What is needed: Output every line of the listing, exactly and completely.
---------- Information supplied
lemma gs_Tng_if_nu_at_most_at_least: "nu_at_most x t \<Longrightarrow> nu_at_least x t \<Longrightarrow> gs x (Tng t)"
  by (cases x) (auto simp: nu_at_most_def nu_at_least_def gs_def)

lemma nu_at_most_mult: "nu_at_most x s \<Longrightarrow> nu_at_most y t \<Longrightarrow> nu_at_most (x * y) (s + t)"
  by (cases x; cases y) (auto simp: nu_at_most_def add_mono)

lemma nu_at_least_mult: "nu_at_least x s \<Longrightarrow> nu_at_least y t \<Longrightarrow> nu_at_least (x * y) (s + t)"
  by (cases x; cases y) (auto simp: nu_at_least_def add_mono)

lemma nu_at_most_add: "nu_at_most x t \<Longrightarrow> nu_at_most y t \<Longrightarrow> nu_at_most (x + y) t"
  by (cases x; cases y) (auto simp: nu_at_most_def)

lemma nu_at_least_add: "nu_at_least x t \<Longrightarrow> nu_at_least (x + y) t"
  by (cases x; cases y) (auto simp: nu_at_least_def)

lemma nu_at_most_prod:
  "(\<And>i. i \<in> I \<Longrightarrow> nu_at_most (f i) (g i)) \<Longrightarrow> nu_at_most (prod f I) (sum g I)"
  by (induction I rule: infinite_finite_induct)
    (simp_all add: nu_at_most_def one_st_def, metis nu_at_most_def nu_at_most_mult)

lemma nu_at_least_prod:
  "(\<And>i. i \<in> I \<Longrightarrow> nu_at_least (f i) (g i)) \<Longrightarrow> nu_at_least (prod f I) (sum g I)"
  by (induction I rule: infinite_finite_induct)
    (simp_all add: nu_at_least_def one_st_def, metis nu_at_least_def nu_at_least_mult)

lemma nu_at_most_sum: "(\<And>i. i \<in> I \<Longrightarrow> nu_at_most (f i) t) \<Longrightarrow> nu_at_most (sum f I) t"
  by (induction I rule: infinite_finite_induct)
    (simp_all add: nu_at_most_def zero_st_def, metis nu_at_most_def nu_at_most_add)

lemma nu_at_least_sum: "finite I \<Longrightarrow> i \<in> I \<Longrightarrow> nu_at_least (f i) t \<Longrightarrow> nu_at_least (sum f I) t"
  by (simp add: sum.remove nu_at_least_add)

lemma nuval_prod:
  "(\<And>i. i \<in> I \<Longrightarrow> f i \<noteq> NInf) \<Longrightarrow> prod f I \<noteq> NInf \<and> nuval (prod f I) = (\<Sum>i\<in>I. nuval (f i))"
  for f :: "'a \<Rightarrow> 'g::linordered_ab_group_add st"
  using nu_at_most_prod[of I f "\<lambda>i. nuval (f i)"] nu_at_least_prod[of I f "\<lambda>i. nuval (f i)"]
  by (auto simp: nu_at_most_def nu_at_least_def)

lemma nu_at_most_summand:
  "finite I \<Longrightarrow> i \<in> I \<Longrightarrow> sum f I \<noteq> NInf \<Longrightarrow> nu_at_most (f i) (nuval (sum f I))"
  for f :: "'a \<Rightarrow> 'g::linordered_ab_group_add st"
  by (cases "f i"; cases "sum f (I - {i})") (auto simp: sum.remove nu_at_most_def)

lemma ex_dominant_summand:
  "finite I \<Longrightarrow> sum f I \<noteq> NInf \<Longrightarrow> \<exists>i\<in>I. f i \<noteq> NInf \<and> nuval (f i) = nuval (sum f I)"
  for f :: "'a \<Rightarrow> 'g::linordered_ab_group_add st"
proof (induction I rule: finite_induct)
  case empty
  then show ?case by (simp add: zero_st_def)
next
  case (insert x F)
  show ?case
  proof (cases "sum f F = NInf")
    case True
    then show ?thesis using insert by (cases "f x") auto
  next
    case False
    then obtain j where j: "j \<in> F" "f j \<noteq> NInf" "nuval (f j) = nuval (sum f F)"
      using insert.IH by blast
    have "nuval (f x + sum f F) = (if f x \<noteq> NInf \<and> nuval (sum f F) \<le> nuval (f x) then nuval (f x)
        else nuval (sum f F))"
      using False by (cases "f x"; cases "sum f F") auto
    then show ?thesis using insert(1,2) j by (auto split: if_splits)
  qed
qed

section \<open>Potentials for the assignment problem\<close>

fun path_weight :: "('a \<Rightarrow> 'a \<Rightarrow> 'g::comm_monoid_add) \<Rightarrow> 'a list \<Rightarrow> 'g" where
  "path_weight r (x # y # zs) = r x y + path_weight r (y # zs)"
| "path_weight r _ = 0"

lemma path_weight_snoc: "xs \<noteq> [] \<Longrightarrow> path_weight r (xs @ [y]) = path_weight r xs + r (last xs) y"
  by (induction r xs rule: path_weight.induct) (auto simp: add_ac)

lemma path_weight_append: "path_weight r (xs @ y # zs) = path_weight r (xs @ [y]) + path_weight r (y # zs)"
  by (induction r xs rule: path_weight.induct) (auto simp: add_ac)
--------------------
Exercise response:
lemma gs_Tng_if_nu_at_most_at_least: "nu_at_most x t \<Longrightarrow> nu_at_least x t \<Longrightarrow> gs x (Tng t)"
  by (cases x) (auto simp: nu_at_most_def nu_at_least_def gs_def)

lemma nu_at_most_mult: "nu_at_most x s \<Longrightarrow> nu_at_most y t \<Longrightarrow> nu_at_most (x * y) (s + t)"
  by (cases x; cases y) (auto simp: nu_at_most_def add_mono)

lemma nu_at_least_mult: "nu_at_least x s \<Longrightarrow> nu_at_least y t \<Longrightarrow> nu_at_least (x * y) (s + t)"
  by (cases x; cases y) (auto simp: nu_at_least_def add_mono)

lemma nu_at_most_add: "nu_at_most x t \<Longrightarrow> nu_at_most y t \<Longrightarrow> nu_at_most (x + y) t"
  by (cases x; cases y) (auto simp: nu_at_most_def)

lemma nu_at_least_add: "nu_at_least x t \<Longrightarrow> nu_at_least (x + y) t"
  by (cases x; cases y) (auto simp: nu_at_least_def)

lemma nu_at_most_prod:
  "(\<And>i. i \<in> I \<Longrightarrow> nu_at_most (f i) (g i)) \<Longrightarrow> nu_at_most (prod f I) (sum g I)"
  by (induction I rule: infinite_finite_induct)
    (simp_all add: nu_at_most_def one_st_def, metis nu_at_most_def nu_at_most_mult)

lemma nu_at_least_prod:
  "(\<And>i. i \<in> I \<Longrightarrow> nu_at_least (f i) (g i)) \<Longrightarrow> nu_at_least (prod f I) (sum g I)"
  by (induction I rule: infinite_finite_induct)
    (simp_all add: nu_at_least_def one_st_def, metis nu_at_least_def nu_at_least_mult)

lemma nu_at_most_sum: "(\<And>i. i \<in> I \<Longrightarrow> nu_at_most (f i) t) \<Longrightarrow> nu_at_most (sum f I) t"
  by (induction I rule: infinite_finite_induct)
    (simp_all add: nu_at_most_def zero_st_def, metis nu_at_most_def nu_at_most_add)

lemma nu_at_least_sum: "finite I \<Longrightarrow> i \<in> I \<Longrightarrow> nu_at_least (f i) t \<Longrightarrow> nu_at_least (sum f I) t"
  by (simp add: sum.remove nu_at_least_add)

lemma nuval_prod:
  "(\<And>i. i \<in> I \<Longrightarrow> f i \<noteq> NInf) \<Longrightarrow> prod f I \<noteq> NInf \<and> nuval (prod f I) = (\<Sum>i\<in>I. nuval (f i))"
  for f :: "'a \<Rightarrow> 'g::linordered_ab_group_add st"
  using nu_at_most_prod[of I f "\<lambda>i. nuval (f i)"] nu_at_least_prod[of I f "\<lambda>i. nuval (f i)"]
  by (auto simp: nu_at_most_def nu_at_least_def)

lemma nu_at_most_summand:
  "finite I \<Longrightarrow> i \<in> I \<Longrightarrow> sum f I \<noteq> NInf \<Longrightarrow> nu_at_most (f i) (nuval (sum f I))"
  for f :: "'a \<Rightarrow> 'g::linordered_ab_group_add st"
  by (cases "f i"; cases "sum f (I - {i})") (auto simp: sum.remove nu_at_most_def)

lemma ex_dominant_summand:
  "finite I \<Longrightarrow> sum f I \<noteq> NInf \<Longrightarrow> \<exists>i\<in>I. f i \<noteq> NInf \<and> nuval (f i) = nuval (sum f I)"
  for f :: "'a \<Rightarrow> 'g::linordered_ab_group_add st"
proof (induction I rule: finite_induct)
  case empty
  then show ?case by (simp add: zero_st_def)
next
  case (insert x F)
  show ?case
  proof (cases "sum f F = NInf")
    case True
    then show ?thesis using insert by (cases "f x") auto
  next
    case False
    then obtain j where j: "j \<in> F" "f j \<noteq> NInf" "nuval (f j) = nuval (sum f F)"
      using insert.IH by blast
    have "nuval (f x + sum f F) = (if f x \<noteq> NInf \<and> nuval (sum f F) \<le> nuval (f x) then nuval (f x)
        else nuval (sum f F))"
      using False by (cases "f x"; cases "sum f F") auto
    then show ?thesis using insert(1,2) j by (auto split: if_splits)
  qed
qed

section \<open>Potentials for the assignment problem\<close>

fun path_weight :: "('a \<Rightarrow> 'a \<Rightarrow> 'g::comm_monoid_add) \<Rightarrow> 'a list \<Rightarrow> 'g" where
  "path_weight r (x # y # zs) = r x y + path_weight r (y # zs)"
| "path_weight r _ = 0"

lemma path_weight_snoc: "xs \<noteq> [] \<Longrightarrow> path_weight r (xs @ [y]) = path_weight r xs + r (last xs) y"
  by (induction r xs rule: path_weight.induct) (auto simp: add_ac)

lemma path_weight_append: "path_weight r (xs @ y # zs) = path_weight r (xs @ [y]) + path_weight r (y # zs)"
  by (induction r xs rule: path_weight.induct) (auto simp: add_ac)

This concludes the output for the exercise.